EXERCISE OBJECTIVE ▸
Across the records below, how many lines include the word "mtrace"? State only the number.

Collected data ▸
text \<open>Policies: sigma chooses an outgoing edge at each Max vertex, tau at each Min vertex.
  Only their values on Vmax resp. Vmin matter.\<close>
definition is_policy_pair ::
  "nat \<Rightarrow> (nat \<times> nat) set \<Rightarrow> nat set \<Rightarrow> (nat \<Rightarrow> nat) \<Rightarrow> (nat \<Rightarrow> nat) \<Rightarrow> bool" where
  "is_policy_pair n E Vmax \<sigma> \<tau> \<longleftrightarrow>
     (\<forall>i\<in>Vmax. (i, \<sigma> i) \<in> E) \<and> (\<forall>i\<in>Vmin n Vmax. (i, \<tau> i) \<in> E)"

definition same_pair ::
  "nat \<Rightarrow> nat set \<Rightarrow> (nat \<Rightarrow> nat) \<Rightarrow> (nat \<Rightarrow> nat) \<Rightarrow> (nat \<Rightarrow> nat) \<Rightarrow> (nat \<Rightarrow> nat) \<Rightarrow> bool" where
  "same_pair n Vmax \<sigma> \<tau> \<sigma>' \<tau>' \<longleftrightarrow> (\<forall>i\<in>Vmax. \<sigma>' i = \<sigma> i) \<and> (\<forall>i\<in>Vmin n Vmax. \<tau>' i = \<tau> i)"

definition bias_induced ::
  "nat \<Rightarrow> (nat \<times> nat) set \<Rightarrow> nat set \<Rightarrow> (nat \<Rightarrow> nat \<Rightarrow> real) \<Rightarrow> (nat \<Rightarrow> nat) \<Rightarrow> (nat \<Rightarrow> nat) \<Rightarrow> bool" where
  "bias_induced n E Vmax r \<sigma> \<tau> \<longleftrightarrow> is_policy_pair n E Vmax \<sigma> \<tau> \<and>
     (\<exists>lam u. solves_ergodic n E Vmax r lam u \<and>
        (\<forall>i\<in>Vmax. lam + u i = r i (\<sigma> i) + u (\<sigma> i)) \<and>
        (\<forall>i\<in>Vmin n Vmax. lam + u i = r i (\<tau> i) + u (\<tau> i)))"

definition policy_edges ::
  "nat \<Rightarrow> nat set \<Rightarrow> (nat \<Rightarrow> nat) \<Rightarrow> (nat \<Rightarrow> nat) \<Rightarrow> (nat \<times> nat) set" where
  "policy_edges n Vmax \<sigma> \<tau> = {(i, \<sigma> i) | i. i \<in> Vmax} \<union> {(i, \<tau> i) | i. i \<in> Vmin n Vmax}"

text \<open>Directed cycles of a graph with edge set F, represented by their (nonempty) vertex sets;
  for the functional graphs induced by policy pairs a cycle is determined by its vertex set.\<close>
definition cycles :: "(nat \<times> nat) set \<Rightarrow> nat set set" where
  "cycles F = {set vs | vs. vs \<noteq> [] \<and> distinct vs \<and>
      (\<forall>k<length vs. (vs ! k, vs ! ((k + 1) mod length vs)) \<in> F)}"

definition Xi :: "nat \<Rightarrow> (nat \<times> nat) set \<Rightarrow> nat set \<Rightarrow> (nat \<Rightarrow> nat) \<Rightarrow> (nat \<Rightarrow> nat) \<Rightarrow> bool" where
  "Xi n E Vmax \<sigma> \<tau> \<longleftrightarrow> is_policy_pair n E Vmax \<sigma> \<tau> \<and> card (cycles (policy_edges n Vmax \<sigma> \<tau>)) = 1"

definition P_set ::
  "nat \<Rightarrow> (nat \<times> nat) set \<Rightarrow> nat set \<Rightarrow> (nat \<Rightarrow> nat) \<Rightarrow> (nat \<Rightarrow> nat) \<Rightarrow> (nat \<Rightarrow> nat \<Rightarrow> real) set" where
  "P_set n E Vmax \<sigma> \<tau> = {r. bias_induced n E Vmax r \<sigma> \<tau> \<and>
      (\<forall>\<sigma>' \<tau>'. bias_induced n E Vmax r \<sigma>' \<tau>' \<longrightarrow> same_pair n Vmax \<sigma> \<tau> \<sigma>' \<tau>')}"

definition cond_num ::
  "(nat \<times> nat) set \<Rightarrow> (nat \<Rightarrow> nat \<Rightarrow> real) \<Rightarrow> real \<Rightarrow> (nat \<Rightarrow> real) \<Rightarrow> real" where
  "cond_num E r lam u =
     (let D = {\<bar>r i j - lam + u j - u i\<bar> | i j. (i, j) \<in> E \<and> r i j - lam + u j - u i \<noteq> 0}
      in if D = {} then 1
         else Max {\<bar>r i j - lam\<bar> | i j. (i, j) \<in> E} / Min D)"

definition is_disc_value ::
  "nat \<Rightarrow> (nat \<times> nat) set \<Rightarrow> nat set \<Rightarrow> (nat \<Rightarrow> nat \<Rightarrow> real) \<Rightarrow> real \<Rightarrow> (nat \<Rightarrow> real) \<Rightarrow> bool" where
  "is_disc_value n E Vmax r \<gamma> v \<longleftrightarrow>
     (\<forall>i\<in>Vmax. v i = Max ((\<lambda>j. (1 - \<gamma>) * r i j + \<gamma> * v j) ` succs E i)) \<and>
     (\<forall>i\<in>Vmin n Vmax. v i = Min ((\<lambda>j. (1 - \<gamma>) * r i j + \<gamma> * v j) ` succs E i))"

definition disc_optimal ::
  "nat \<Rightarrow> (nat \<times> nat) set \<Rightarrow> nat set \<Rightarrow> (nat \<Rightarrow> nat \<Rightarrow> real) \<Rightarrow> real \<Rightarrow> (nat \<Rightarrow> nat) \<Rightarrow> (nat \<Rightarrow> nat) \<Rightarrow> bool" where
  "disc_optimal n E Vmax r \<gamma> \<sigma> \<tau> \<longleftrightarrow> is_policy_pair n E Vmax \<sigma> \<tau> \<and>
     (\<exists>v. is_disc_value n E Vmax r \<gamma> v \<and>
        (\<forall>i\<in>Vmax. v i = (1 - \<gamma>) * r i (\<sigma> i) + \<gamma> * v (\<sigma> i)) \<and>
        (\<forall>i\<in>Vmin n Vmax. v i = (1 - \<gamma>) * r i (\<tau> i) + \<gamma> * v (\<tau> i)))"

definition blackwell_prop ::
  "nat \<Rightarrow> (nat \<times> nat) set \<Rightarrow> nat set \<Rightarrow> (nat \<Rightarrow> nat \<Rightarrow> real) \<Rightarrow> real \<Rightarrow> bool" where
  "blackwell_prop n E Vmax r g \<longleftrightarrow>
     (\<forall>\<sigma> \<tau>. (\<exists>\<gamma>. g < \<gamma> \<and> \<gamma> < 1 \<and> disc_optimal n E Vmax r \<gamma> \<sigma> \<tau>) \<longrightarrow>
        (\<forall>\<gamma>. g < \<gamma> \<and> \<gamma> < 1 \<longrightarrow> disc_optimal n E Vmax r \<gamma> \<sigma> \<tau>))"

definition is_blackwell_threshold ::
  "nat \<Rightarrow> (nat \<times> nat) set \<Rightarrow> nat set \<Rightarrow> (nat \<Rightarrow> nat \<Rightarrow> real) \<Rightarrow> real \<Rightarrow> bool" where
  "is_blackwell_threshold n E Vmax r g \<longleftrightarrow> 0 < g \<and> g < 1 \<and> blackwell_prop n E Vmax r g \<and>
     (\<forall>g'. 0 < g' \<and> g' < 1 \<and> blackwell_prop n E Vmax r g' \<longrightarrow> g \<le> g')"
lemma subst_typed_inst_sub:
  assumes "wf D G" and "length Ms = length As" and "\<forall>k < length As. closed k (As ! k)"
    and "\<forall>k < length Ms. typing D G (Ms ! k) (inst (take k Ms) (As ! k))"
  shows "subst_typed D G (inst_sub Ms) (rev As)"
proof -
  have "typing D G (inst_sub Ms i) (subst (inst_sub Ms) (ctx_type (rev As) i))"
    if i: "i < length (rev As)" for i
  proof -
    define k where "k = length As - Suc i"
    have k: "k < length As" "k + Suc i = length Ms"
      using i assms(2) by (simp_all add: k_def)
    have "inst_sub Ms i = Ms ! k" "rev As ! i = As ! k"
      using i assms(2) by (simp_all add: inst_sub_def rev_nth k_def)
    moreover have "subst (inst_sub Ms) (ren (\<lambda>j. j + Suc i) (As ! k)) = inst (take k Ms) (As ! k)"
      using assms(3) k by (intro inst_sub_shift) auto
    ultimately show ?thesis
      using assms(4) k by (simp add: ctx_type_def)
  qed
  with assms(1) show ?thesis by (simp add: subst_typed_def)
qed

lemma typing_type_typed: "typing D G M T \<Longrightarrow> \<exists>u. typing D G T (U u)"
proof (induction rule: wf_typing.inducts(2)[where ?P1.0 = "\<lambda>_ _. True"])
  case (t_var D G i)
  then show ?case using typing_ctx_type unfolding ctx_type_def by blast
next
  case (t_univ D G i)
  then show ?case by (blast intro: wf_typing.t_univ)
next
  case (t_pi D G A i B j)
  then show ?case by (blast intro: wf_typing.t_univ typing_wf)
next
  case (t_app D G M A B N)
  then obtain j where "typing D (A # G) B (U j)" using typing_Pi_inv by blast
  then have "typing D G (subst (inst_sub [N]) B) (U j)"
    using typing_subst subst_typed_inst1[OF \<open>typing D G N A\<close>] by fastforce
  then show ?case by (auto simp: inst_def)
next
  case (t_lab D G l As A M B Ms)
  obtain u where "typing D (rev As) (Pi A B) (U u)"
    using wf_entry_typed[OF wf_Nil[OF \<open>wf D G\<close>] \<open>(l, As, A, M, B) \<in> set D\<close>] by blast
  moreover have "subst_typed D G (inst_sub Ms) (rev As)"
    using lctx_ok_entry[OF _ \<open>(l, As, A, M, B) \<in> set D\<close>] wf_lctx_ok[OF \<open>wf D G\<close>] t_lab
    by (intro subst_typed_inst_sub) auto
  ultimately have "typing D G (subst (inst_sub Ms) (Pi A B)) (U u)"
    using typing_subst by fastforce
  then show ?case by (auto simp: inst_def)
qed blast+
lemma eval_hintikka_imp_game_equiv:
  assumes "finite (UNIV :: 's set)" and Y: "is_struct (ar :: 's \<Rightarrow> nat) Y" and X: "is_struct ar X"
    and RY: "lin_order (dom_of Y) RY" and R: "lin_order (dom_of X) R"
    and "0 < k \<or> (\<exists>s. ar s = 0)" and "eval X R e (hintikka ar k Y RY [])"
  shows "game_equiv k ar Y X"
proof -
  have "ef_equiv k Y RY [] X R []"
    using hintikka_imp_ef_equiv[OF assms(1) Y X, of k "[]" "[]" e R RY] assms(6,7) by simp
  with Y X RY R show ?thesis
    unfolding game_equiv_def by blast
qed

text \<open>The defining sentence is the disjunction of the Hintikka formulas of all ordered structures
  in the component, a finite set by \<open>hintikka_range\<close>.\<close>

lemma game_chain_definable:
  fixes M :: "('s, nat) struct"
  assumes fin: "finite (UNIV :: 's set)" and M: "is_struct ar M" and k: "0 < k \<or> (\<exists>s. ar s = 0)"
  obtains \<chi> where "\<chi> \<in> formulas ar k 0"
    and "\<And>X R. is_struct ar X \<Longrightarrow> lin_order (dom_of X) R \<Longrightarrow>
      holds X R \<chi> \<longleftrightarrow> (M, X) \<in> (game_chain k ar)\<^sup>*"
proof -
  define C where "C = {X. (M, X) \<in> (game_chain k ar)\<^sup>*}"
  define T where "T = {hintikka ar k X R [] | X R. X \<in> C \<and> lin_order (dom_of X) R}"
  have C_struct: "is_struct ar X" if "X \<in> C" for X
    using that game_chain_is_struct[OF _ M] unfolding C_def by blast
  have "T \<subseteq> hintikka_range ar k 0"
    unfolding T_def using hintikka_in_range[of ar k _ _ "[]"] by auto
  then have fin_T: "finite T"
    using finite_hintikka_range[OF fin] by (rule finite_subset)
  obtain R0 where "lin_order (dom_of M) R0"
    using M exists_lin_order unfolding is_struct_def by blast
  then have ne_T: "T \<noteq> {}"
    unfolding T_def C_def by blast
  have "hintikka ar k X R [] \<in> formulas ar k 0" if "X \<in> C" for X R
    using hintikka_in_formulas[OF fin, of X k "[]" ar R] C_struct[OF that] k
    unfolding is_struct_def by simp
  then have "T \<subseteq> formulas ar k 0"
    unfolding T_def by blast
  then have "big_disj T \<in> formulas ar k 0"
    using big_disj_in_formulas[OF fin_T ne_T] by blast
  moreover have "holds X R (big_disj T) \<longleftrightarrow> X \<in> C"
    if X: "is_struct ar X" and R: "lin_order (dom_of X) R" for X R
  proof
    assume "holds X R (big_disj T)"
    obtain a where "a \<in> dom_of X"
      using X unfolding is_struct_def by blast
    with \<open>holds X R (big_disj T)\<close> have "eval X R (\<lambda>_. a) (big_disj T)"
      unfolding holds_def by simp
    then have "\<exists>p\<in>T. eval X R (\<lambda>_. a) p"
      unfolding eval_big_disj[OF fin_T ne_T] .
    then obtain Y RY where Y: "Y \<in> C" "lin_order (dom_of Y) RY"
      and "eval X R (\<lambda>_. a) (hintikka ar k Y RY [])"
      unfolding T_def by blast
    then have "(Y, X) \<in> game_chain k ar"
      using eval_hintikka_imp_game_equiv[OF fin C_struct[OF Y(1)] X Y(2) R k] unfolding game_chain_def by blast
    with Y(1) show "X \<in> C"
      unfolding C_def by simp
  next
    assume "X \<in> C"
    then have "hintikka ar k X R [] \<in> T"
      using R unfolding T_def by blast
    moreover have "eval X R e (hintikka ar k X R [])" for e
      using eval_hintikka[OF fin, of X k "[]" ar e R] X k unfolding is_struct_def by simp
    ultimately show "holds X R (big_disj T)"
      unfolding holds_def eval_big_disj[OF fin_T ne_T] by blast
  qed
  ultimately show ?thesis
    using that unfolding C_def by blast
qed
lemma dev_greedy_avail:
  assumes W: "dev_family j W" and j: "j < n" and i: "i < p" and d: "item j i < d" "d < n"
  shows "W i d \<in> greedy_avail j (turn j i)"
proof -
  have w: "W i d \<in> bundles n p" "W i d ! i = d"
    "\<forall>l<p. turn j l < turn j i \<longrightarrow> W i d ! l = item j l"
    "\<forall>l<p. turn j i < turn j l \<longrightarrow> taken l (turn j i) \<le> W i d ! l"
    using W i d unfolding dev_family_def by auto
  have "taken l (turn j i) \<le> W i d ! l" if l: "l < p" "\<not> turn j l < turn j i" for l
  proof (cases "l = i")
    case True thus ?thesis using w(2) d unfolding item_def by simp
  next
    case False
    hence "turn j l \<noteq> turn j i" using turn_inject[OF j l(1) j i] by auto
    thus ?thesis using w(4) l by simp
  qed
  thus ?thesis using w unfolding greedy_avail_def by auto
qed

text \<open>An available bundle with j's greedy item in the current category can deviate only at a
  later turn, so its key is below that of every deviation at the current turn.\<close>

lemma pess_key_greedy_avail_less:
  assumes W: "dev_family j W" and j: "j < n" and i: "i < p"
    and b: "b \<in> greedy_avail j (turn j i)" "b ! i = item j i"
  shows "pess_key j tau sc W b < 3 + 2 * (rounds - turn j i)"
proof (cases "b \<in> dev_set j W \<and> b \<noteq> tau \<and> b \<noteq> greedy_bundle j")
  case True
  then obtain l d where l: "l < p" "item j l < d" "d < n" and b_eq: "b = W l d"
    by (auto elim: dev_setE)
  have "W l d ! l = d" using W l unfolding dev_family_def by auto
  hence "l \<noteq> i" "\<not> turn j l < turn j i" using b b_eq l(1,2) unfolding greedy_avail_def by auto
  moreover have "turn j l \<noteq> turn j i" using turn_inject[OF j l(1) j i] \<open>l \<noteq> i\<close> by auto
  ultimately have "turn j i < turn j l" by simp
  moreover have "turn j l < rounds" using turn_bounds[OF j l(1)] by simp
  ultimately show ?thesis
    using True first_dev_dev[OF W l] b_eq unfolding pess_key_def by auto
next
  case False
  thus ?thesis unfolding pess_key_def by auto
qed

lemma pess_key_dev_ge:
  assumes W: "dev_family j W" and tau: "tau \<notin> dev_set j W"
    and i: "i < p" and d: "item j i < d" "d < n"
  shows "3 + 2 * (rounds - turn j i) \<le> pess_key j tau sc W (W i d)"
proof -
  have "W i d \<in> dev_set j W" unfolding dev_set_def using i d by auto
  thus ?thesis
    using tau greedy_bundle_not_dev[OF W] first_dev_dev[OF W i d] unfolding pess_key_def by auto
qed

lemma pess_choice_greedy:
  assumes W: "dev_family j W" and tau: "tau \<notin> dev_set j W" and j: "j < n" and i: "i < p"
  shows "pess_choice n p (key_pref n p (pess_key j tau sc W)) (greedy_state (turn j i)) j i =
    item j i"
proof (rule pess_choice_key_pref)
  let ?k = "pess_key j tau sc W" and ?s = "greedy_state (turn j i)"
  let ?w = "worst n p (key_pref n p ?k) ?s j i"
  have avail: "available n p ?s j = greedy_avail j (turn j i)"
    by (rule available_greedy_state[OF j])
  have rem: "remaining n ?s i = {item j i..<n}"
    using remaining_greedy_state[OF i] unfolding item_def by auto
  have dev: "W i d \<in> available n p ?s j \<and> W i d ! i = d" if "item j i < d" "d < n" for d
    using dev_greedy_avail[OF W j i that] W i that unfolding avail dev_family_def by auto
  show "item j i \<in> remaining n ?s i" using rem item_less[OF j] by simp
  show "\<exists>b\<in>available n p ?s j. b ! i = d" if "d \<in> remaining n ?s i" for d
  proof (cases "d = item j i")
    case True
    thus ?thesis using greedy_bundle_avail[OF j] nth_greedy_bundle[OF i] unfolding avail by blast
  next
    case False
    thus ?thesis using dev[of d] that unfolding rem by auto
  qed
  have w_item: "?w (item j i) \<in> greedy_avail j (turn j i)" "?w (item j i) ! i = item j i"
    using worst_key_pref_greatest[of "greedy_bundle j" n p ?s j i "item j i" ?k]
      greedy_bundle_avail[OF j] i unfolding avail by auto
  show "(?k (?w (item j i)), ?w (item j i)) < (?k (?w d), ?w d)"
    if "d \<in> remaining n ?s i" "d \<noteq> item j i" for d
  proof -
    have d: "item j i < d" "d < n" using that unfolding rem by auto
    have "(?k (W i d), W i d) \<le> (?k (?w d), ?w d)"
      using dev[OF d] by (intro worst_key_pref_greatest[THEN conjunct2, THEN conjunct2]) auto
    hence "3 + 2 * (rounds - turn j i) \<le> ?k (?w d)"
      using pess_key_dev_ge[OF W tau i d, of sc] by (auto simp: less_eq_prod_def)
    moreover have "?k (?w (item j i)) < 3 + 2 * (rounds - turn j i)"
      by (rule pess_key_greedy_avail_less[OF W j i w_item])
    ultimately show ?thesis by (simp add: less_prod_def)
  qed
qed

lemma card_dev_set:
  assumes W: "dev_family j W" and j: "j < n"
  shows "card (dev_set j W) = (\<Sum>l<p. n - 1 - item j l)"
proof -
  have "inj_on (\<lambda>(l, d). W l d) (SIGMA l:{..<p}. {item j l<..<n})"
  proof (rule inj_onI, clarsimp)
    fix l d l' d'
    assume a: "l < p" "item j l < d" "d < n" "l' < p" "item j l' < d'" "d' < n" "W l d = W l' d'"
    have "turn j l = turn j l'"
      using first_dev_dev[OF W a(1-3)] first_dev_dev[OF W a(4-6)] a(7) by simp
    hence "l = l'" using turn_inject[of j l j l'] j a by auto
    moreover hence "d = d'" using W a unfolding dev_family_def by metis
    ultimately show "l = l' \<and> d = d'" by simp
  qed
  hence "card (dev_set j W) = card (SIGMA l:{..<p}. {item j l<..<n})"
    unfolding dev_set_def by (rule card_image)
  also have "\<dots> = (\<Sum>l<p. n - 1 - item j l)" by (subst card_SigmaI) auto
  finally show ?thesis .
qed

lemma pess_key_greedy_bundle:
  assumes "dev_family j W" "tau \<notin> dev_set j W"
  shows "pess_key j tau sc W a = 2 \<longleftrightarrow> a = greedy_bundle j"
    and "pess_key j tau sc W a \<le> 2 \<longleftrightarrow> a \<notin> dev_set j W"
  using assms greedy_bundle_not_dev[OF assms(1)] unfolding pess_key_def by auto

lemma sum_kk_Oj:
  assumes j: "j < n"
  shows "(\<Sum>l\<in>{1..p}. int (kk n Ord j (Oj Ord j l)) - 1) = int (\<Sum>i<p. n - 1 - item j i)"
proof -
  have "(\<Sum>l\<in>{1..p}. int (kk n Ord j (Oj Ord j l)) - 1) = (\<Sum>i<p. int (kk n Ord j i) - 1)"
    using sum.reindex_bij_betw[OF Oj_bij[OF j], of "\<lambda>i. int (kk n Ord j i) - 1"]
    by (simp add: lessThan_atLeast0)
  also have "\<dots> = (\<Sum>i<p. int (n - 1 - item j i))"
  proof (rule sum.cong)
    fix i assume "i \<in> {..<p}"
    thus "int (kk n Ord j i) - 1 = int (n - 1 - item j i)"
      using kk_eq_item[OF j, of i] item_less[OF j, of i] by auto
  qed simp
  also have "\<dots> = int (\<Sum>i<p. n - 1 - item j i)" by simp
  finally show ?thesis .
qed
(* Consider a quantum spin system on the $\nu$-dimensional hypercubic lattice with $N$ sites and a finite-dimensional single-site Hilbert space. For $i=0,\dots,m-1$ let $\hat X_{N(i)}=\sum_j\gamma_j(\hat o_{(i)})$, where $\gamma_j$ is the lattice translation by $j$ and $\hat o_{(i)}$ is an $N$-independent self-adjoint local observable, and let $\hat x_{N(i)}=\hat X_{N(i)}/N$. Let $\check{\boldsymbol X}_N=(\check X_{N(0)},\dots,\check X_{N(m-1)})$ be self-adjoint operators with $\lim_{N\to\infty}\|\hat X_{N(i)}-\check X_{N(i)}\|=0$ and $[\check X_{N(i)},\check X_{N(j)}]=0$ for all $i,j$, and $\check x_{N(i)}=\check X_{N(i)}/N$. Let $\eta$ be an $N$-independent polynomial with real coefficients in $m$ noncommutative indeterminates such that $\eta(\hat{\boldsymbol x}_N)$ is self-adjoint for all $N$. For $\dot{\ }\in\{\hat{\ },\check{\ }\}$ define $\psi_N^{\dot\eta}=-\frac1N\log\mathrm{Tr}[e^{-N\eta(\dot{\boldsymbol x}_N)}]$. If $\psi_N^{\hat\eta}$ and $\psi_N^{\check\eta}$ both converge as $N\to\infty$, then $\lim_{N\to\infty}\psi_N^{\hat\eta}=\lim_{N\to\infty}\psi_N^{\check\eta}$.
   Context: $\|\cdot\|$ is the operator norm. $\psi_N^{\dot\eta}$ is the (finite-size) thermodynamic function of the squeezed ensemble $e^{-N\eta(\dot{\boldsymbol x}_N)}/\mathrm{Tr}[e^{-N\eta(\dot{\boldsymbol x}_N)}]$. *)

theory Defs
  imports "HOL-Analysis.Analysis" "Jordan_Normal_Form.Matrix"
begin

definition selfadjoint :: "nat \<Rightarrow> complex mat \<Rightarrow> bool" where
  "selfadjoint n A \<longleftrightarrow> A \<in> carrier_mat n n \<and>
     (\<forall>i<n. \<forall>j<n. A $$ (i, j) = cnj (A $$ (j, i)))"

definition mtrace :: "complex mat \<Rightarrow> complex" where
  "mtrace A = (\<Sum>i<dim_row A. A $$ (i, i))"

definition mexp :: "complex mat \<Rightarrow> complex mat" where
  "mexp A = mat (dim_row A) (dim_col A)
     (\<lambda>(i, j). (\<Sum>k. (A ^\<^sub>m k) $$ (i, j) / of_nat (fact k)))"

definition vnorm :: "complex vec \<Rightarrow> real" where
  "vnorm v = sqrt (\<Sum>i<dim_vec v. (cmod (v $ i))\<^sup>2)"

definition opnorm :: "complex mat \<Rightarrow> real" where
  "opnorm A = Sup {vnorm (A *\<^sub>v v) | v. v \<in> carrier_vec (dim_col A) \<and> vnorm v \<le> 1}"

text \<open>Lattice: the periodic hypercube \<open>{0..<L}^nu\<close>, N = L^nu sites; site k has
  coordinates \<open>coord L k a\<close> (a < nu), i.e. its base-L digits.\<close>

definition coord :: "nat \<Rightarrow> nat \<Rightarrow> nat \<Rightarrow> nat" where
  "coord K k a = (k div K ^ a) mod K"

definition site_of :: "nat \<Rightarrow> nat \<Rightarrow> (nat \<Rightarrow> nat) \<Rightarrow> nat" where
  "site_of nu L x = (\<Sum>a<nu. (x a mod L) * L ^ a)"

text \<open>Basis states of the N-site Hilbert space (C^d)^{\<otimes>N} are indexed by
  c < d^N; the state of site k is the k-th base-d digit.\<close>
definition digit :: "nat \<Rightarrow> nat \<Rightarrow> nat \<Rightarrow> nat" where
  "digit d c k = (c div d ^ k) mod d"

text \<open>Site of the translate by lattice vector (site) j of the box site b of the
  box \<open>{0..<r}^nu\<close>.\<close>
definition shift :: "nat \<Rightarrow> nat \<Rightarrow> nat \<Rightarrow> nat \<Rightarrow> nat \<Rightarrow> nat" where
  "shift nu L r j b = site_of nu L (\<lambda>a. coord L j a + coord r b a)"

ANSWER TO THIS PROBLEM ▸
2